To perform proper declarative statements over graphical and hierarchical data (where it represents real data) requires a language that understands such things as hierarchical or graph relations both within the current table and across tables. This sort of thing must be expressed in the meta-data associated with the database, much like 'primary key' and 'foreign key' are at the moment. To perform proper operations over recursively structured values requires proper pattern-description languages for them, which are functional in nature. Both of these things should be fixed in whatever becomes the next generation of database technology. I don't imagine knowledge-representation and the associated inference engines getting into the DBMS arena (for actual management of data) for at least a full generation beyond that, and beyond even that is recognizing patterns in the structural and temporal associations between real data items and queries upon them.
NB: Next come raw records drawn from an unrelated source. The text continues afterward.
lemma orbit_mult_power:
  fixes t :: "nat \<Rightarrow> nat"
  assumes step: "\<And>i. t (Suc i) = q * t i mod n"
  shows "t j * q ^ k = t (j + k) + n * (\<Sum>i<k. q * t (j + i) div n * q ^ (k - Suc i))"
proof (induction k)
  case (Suc k)
  define y where "y i = q * t (j + i) div n" for i
  have digits:
    "(\<Sum>i<Suc k. y i * q ^ (Suc k - Suc i)) = q * (\<Sum>i<k. y i * q ^ (k - Suc i)) + y k"
  proof -
    have "(\<Sum>i<k. y i * q ^ (Suc k - Suc i)) = (\<Sum>i<k. q * (y i * q ^ (k - Suc i)))"
    proof (rule sum.cong)
      fix i assume "i \<in> {..<k}"
      then have "Suc k - Suc i = Suc (k - Suc i)" by auto
      then show "y i * q ^ (Suc k - Suc i) = q * (y i * q ^ (k - Suc i))" by simp
    qed simp
    then show ?thesis by (simp add: sum_distrib_left)
  qed
  have "t j * q ^ Suc k = q * t (j + k) + n * (q * (\<Sum>i<k. y i * q ^ (k - Suc i)))"
    using Suc.IH by (simp add: y_def algebra_simps)
  also have "q * t (j + k) = n * y k + t (j + Suc k)"
    using step[of "j + k"] by (simp add: y_def)
  finally show ?case unfolding y_def[symmetric] digits by (simp add: algebra_simps)
qed simp

lemma mult_power_mod_eq_diff:
  fixes q m n r :: nat
  assumes "q ^ m + 1 = n" and "0 < r" and "r < n"
  shows "r * q ^ m mod n = n - r"
proof -
  obtain r' where r: "r = Suc r'" using assms(2) by (cases r) auto
  have "r * q ^ m = (n - r) + r' * n"
    using assms(3) unfolding r assms(1)[symmetric] by (simp add: algebra_simps)
  also have "\<dots> mod n = n - r" by (simp only: mod_mult_self1) (use assms(2,3) in simp)
  finally show ?thesis .
qed

lemma mod_mult_power_Suc:
  fixes s q n :: nat
  shows "s * q ^ Suc i mod n = q * (s * q ^ i mod n) mod n"
proof -
  have "s * q ^ Suc i = q * (s * q ^ i)" by simp
  then show ?thesis by (simp only: mod_mult_right_eq)
qed

lemma finite_cyc_coset: "0 < n \<Longrightarrow> finite (cyc_coset q n s)"
  by (rule finite_subset[of _ "{..<n}"]) (auto simp: cyc_coset_def)

lemma coset_leader_le_orbit:
  assumes "is_coset_leader q n s"
  shows "s \<le> s * q ^ i mod n"
proof -
  have "finite (cyc_coset q n s)"
    using assms by (intro finite_cyc_coset) (simp add: is_coset_leader_def)
  moreover have "s * q ^ i mod n \<in> cyc_coset q n s" by (auto simp: cyc_coset_def)
  ultimately show ?thesis using assms by (metis Min_le is_coset_leader_def)
qed

lemma cyc_coset_eq_image_period:
  assumes "0 < p" and period: "s * q ^ p mod n = s"
  shows "cyc_coset q n s = (\<lambda>i. s * q ^ i mod n) ` {..<p}"
proof -
  have reduce: "s * q ^ (p * c + r) mod n = s * q ^ r mod n" for c r
  proof (induction c)
    case (Suc c)
    have "s * q ^ (p * Suc c + r) = s * q ^ p * q ^ (p * c + r)"
      by (simp add: power_add algebra_simps)
    then have "s * q ^ (p * Suc c + r) mod n = (s * q ^ p mod n) * q ^ (p * c + r) mod n"
      by (simp only: mod_mult_left_eq)
    then show ?case using Suc period by simp
  qed simp
  show ?thesis
  proof (intro equalityI subsetI)
    fix x assume "x \<in> cyc_coset q n s"
    then obtain i where "x = s * q ^ i mod n" by (auto simp: cyc_coset_def)
    then have "x = s * q ^ (i mod p) mod n" using reduce[of "i div p" "i mod p"] by simp
    moreover have "i mod p \<in> {..<p}" using \<open>0 < p\<close> by simp
    ultimately show "x \<in> (\<lambda>i. s * q ^ i mod n) ` {..<p}" by blast
  qed (auto simp: cyc_coset_def)
qed

locale coset_leader_setting =
  fixes q g n N D :: nat
  assumes q_eq: "q = 2 * g + 2"
    and n_eq: "n = (q ^ 2 + 1) * N"
    and D_eq: "D = (g + 1) * (2 * g + 1) * N"
    and odd_n: "odd n"
begin

lemma N_pos: "0 < N"
  using odd_n n_eq by (cases N) auto

lemma D_eq_div: "D = q * (q - 1) * n div (2 * (q ^ 2 + 1))"
proof -
  have q_pred: "q * (q - 1) = 2 * ((g + 1) * (2 * g + 1))" unfolding q_eq by simp
  have "q * (q - 1) * n = (2 * (q ^ 2 + 1)) * D" unfolding n_eq D_eq q_pred by (simp only: ac_simps)
  then show ?thesis by (simp only:) (rule nonzero_mult_div_cancel_left[symmetric], simp)
qed

lemma cyc_coset_D_bound: "D + (q + 1) * N < n"
proof -
  have "(g + 1) * (2 * g + 1) + (q + 1) < q ^ 2 + 1"
    unfolding q_eq by (simp add: power2_eq_square algebra_simps)
  then show ?thesis unfolding D_eq n_eq using N_pos by (metis add_mult_distrib mult_less_mono1)
qed

lemma D_expansion: "D * q ^ 4 = D + n * (g * q ^ 3 + g * q ^ 2 + (g + 1) * q + (g + 1))"
  unfolding D_eq n_eq q_eq by algebra

lemma g_n_le_q_D: "g * n \<le> q * D"
proof -
  have "g * (q ^ 2 + 1) \<le> q * ((g + 1) * (2 * g + 1))"
    unfolding q_eq by (simp add: power2_eq_square algebra_simps)
  then show ?thesis unfolding n_eq D_eq by (metis mult.assoc mult_le_mono1)
qed

lemma orbit_digit:
  assumes "D < t" and "t < n - D"
  shows "q * t div n = g + of_bool (n < 2 * t)"
proof (cases "n < 2 * t")
  case True
  have "(g + 1) * n \<le> (g + 1) * (2 * t)" using True by (intro mult_le_mono2) simp
  also have "\<dots> = q * t" unfolding q_eq by simp
  finally have "(g + 1) * n \<le> q * t" .
  moreover have "q * t < (g + 2) * n"
  proof -
    have "q * t < q * (n - D)" using assms(2) q_eq by (intro mult_strict_left_mono) simp_all
    also have "\<dots> = q * n - q * D" by (simp add: diff_mult_distrib2)
    also have "\<dots> \<le> q * n - g * n" using g_n_le_q_D by simp
    also have "\<dots> = (g + 2) * n" unfolding q_eq by (simp add: algebra_simps)
    finally show ?thesis .
  qed
  ultimately show ?thesis using True by (simp add: div_nat_eqI algebra_simps)
next
  case False
  with odd_n have "2 * t < n" by (cases "2 * t = n") auto
  then have "(g + 1) * (2 * t) < (g + 1) * n" by (intro mult_strict_left_mono) simp_all
  then have "q * t < (g + 1) * n" unfolding q_eq by (simp add: algebra_simps)
  moreover have "g * n \<le> q * t"
    using g_n_le_q_D assms(1) q_eq by (meson le_trans less_imp_le_nat mult_le_mono2)
  ultimately show ?thesis using False by (simp add: div_nat_eqI algebra_simps)
qed

lemma window_ge_D_expansion:
  assumes "D < t" and "t' < n" and window: "t * q ^ 4 = t' + n * W"
  shows "g * q ^ 3 + g * q ^ 2 + (g + 1) * q + (g + 1) \<le> W"
proof (rule ccontr)
  let ?V = "g * q ^ 3 + g * q ^ 2 + (g + 1) * q + (g + 1)"
  assume "\<not> ?V \<le> W"
  have "t * q ^ 4 < n * (W + 1)" using window \<open>t' < n\<close> by simp
  also have "\<dots> \<le> n * ?V" using \<open>\<not> ?V \<le> W\<close> by simp
  also have "\<dots> \<le> D * q ^ 4" using D_expansion by simp
  finally have "t * q ^ 4 < D * q ^ 4" .
  with \<open>D < t\<close> show False by simp
qed

lemma window_D_expansion_increasing:
  assumes "D < t" and window: "t * q ^ 4 = t' + n * (g * q ^ 3 + g * q ^ 2 + (g + 1) * q + (g + 1))"
  shows "t < t'"
proof -
  have "t' + D * q ^ 4 = t * q ^ 4 + D" using window D_expansion by simp
  moreover have "t * q ^ 4 = (t - D) * q ^ 4 + D * q ^ 4"
    using assms(1) by (simp add: diff_mult_distrib)
  moreover have "t - D < (t - D) * q ^ 4"
    using assms(1) one_less_power[of q 4] q_eq by simp
  ultimately show ?thesis by linarith
qed

lemma D_expansion_blocks_increasing:
  assumes above: "\<And>k. D < t (j + 4 * k)"
    and blocks: "\<And>k. t (j + 4 * k) * q ^ 4
      = t (j + 4 * Suc k) + n * (g * q ^ 3 + g * q ^ 2 + (g + 1) * q + (g + 1))"
    and "0 < p"
  shows "t j < t (j + 4 * p)"
proof -
  have "t (j + 4 * k) < t (j + 4 * Suc k)" for k
    using window_D_expansion_increasing[OF above blocks] .
  then have "t (j + 4 * 0) < t (j + 4 * p)"
    by (rule lift_Suc_mono_less[of "\<lambda>k. t (j + 4 * k)"]) (use \<open>0 < p\<close> in simp)
  then show ?thesis by simp
qed

lemma orbit_meets_D:
  fixes t :: "nat \<Rightarrow> nat"
  assumes step: "\<And>i. t (Suc i) = q * t i mod n"
    and flip: "\<And>i. t (i + m) = n - t i" and "even m" and "0 < m"
  shows "\<exists>i. t i \<le> D"
proof (rule ccontr)
  assume "\<nexists>i. t i \<le> D"
  then have above: "D < t i" for i by (simp add: not_le)
  have below: "t i < n - D" for i using above[of "i + m"] flip[of i] by simp
  define b where "b i \<longleftrightarrow> n < 2 * t i" for i
  have b_flip: "b (i + m) = (\<not> b i)" for i
  proof -
    have "2 * t i \<noteq> n" using odd_n by auto
    then show ?thesis using below[of i] unfolding b_def flip by auto
  qed
  have digit: "q * t i div n = g + of_bool (b i)" for i
    using orbit_digit[OF above below] unfolding b_def .
  have window: "t j * q ^ 4 = t (j + 4) + n * ((g + of_bool (b j)) * q ^ 3
      + (g + of_bool (b (j + 1))) * q ^ 2 + (g + of_bool (b (j + 2))) * q + (g + of_bool (b (j + 3))))"
    for j
  proof -
    have "t j * q ^ 4 = t (j + 4) + n * (q * t j div n * q ^ 3 + q * t (j + 1) div n * q ^ 2
        + q * t (j + 2) div n * q + q * t (j + 3) div n)"
      using orbit_mult_power[of t q n, OF step, of j 4] by (simp add: lessThan_nat_numeral ac_simps)
    then show ?thesis unfolding digit .
  qed
  have forced: "b (j + 2) \<and> b (j + 3)" if "\<not> b j" "\<not> b (j + 1)" for j
  proof -
    have "t (j + 4) < n" using below[of "j + 4"] by simp
    from window_ge_D_expansion[OF above[of j] this window[of j]] that q_eq show ?thesis
      by (cases "b (j + 2)"; cases "b (j + 3)") (simp_all add: algebra_simps)
  qed
  obtain j where pattern:
    "\<And>k. \<not> b (j + 4 * k) \<and> \<not> b (j + 4 * k + 1) \<and> b (j + 4 * k + 2) \<and> b (j + 4 * k + 3)"
    using antiperiodic_block_pattern[of b m] b_flip \<open>even m\<close> forced by blast
  have "t (j + 4 * k) * q ^ 4
      = t (j + 4 * Suc k) + n * (g * q ^ 3 + g * q ^ 2 + (g + 1) * q + (g + 1))" for k
    using window[of "j + 4 * k"] pattern[of k] by (simp add: ac_simps)
  then have "t j < t (j + 4 * (m div 2))"
    using above \<open>even m\<close> \<open>0 < m\<close> by (intro D_expansion_blocks_increasing) auto
  moreover have "t (j + m + m) = t j" using flip[of "j + m"] flip[of j] below[of j] by simp
  moreover have "4 * (m div 2) = m + m" using \<open>even m\<close> by auto
  ultimately show False by (simp add: add.assoc)
qed

lemma coset_leader_le_D:
  assumes "q ^ m + 1 = n" and "even m" and "0 < m" and leader: "is_coset_leader q n s"
  shows "s \<le> D"
proof (rule ccontr)
  assume "\<not> s \<le> D"
  define t where "t i = s * q ^ i mod n" for i
  have above: "s \<le> t i" for i unfolding t_def using leader by (rule coset_leader_le_orbit)
  have step: "t (Suc i) = q * t i mod n" for i
    unfolding t_def by (rule mod_mult_power_Suc)
  have "t (i + m) = n - t i" for i
  proof -
    have "t (i + m) = t i * q ^ m mod n"
      unfolding t_def power_add mult.assoc[symmetric] by (rule mod_mult_left_eq[symmetric])
    also have "\<dots> = n - t i"
      using assms(1) above[of i] \<open>\<not> s \<le> D\<close>
      by (intro mult_power_mod_eq_diff) (auto simp: t_def N_pos n_eq)
    finally show ?thesis .
  qed
  with orbit_meets_D[of t, OF step] assms(2,3) obtain i where "t i \<le> D" by blast
  with above[of i] \<open>\<not> s \<le> D\<close> show False by simp
qed

lemma cyc_coset_D: "cyc_coset q n D = {D, D + N, D + (q + 1) * N, D + q * N}"
proof -
  have reduce: "(r + k * n) mod n = r" if "r \<le> D + (q + 1) * N" for r k
    using that cyc_coset_D_bound by simp
  have "q * D = (D + N) + g * n" unfolding D_eq n_eq q_eq by algebra
  then have r1: "q * D mod n = D + N" using reduce[of "D + N" g] by simp
  have "q * (D + N) = (D + (q + 1) * N) + g * n" unfolding D_eq n_eq q_eq by algebra
  then have r2: "q * (D + N) mod n = D + (q + 1) * N" using reduce[of "D + (q + 1) * N" g] by simp
  have "q * (D + (q + 1) * N) = (D + q * N) + (g + 1) * n" unfolding D_eq n_eq q_eq by algebra
  then have r3: "q * (D + (q + 1) * N) mod n = D + q * N" using reduce[of "D + q * N" "g + 1"] by simp
  have "q * (D + q * N) = D + (g + 1) * n" unfolding D_eq n_eq q_eq by algebra
  then have r4: "q * (D + q * N) mod n = D" using reduce[of D "g + 1"] by simp
  define r where "r i = D * q ^ i mod n" for i
  have step: "r (Suc i) = q * r i mod n" for i unfolding r_def by (rule mod_mult_power_Suc)
  have "r 0 = D" using cyc_coset_D_bound by (simp add: r_def)
  then have "r 1 = D + N" using step[of 0] r1 by simp
  then have "r 2 = D + (q + 1) * N" using step[of 1] r2 by (simp add: numeral_2_eq_2)
  then have "r 3 = D + q * N" using step[of 2] r3 by (simp add: numeral_3_eq_3)
  then have "r 4 = D" using step[of 3] r4 by (simp add: eval_nat_numeral)
  have "cyc_coset q n D = r ` {..<4}"
    unfolding r_def using \<open>r 4 = D\<close> by (intro cyc_coset_eq_image_period) (simp_all add: r_def)
  then show ?thesis
    using \<open>r 0 = D\<close> \<open>r 1 = D + N\<close> \<open>r 2 = D + (q + 1) * N\<close> \<open>r 3 = D + q * N\<close>
    by (auto simp: lessThan_nat_numeral lessThan_Suc)
qed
Rather than wait 2 generations, there are at least two good reasons to work on refining relational declarative traversal:

The first steps I mentioned (Both of these things should be fixed) are refinements to the relational model (a little) and the query language and language processor (a lot). It also wouldn't hurt Relational to shift the query language up a declarative level (so you're declaring what you want, and the query processor figures out which tables to join, access, etc.). OTOH, that would add a mountain of a burden to the DBMS.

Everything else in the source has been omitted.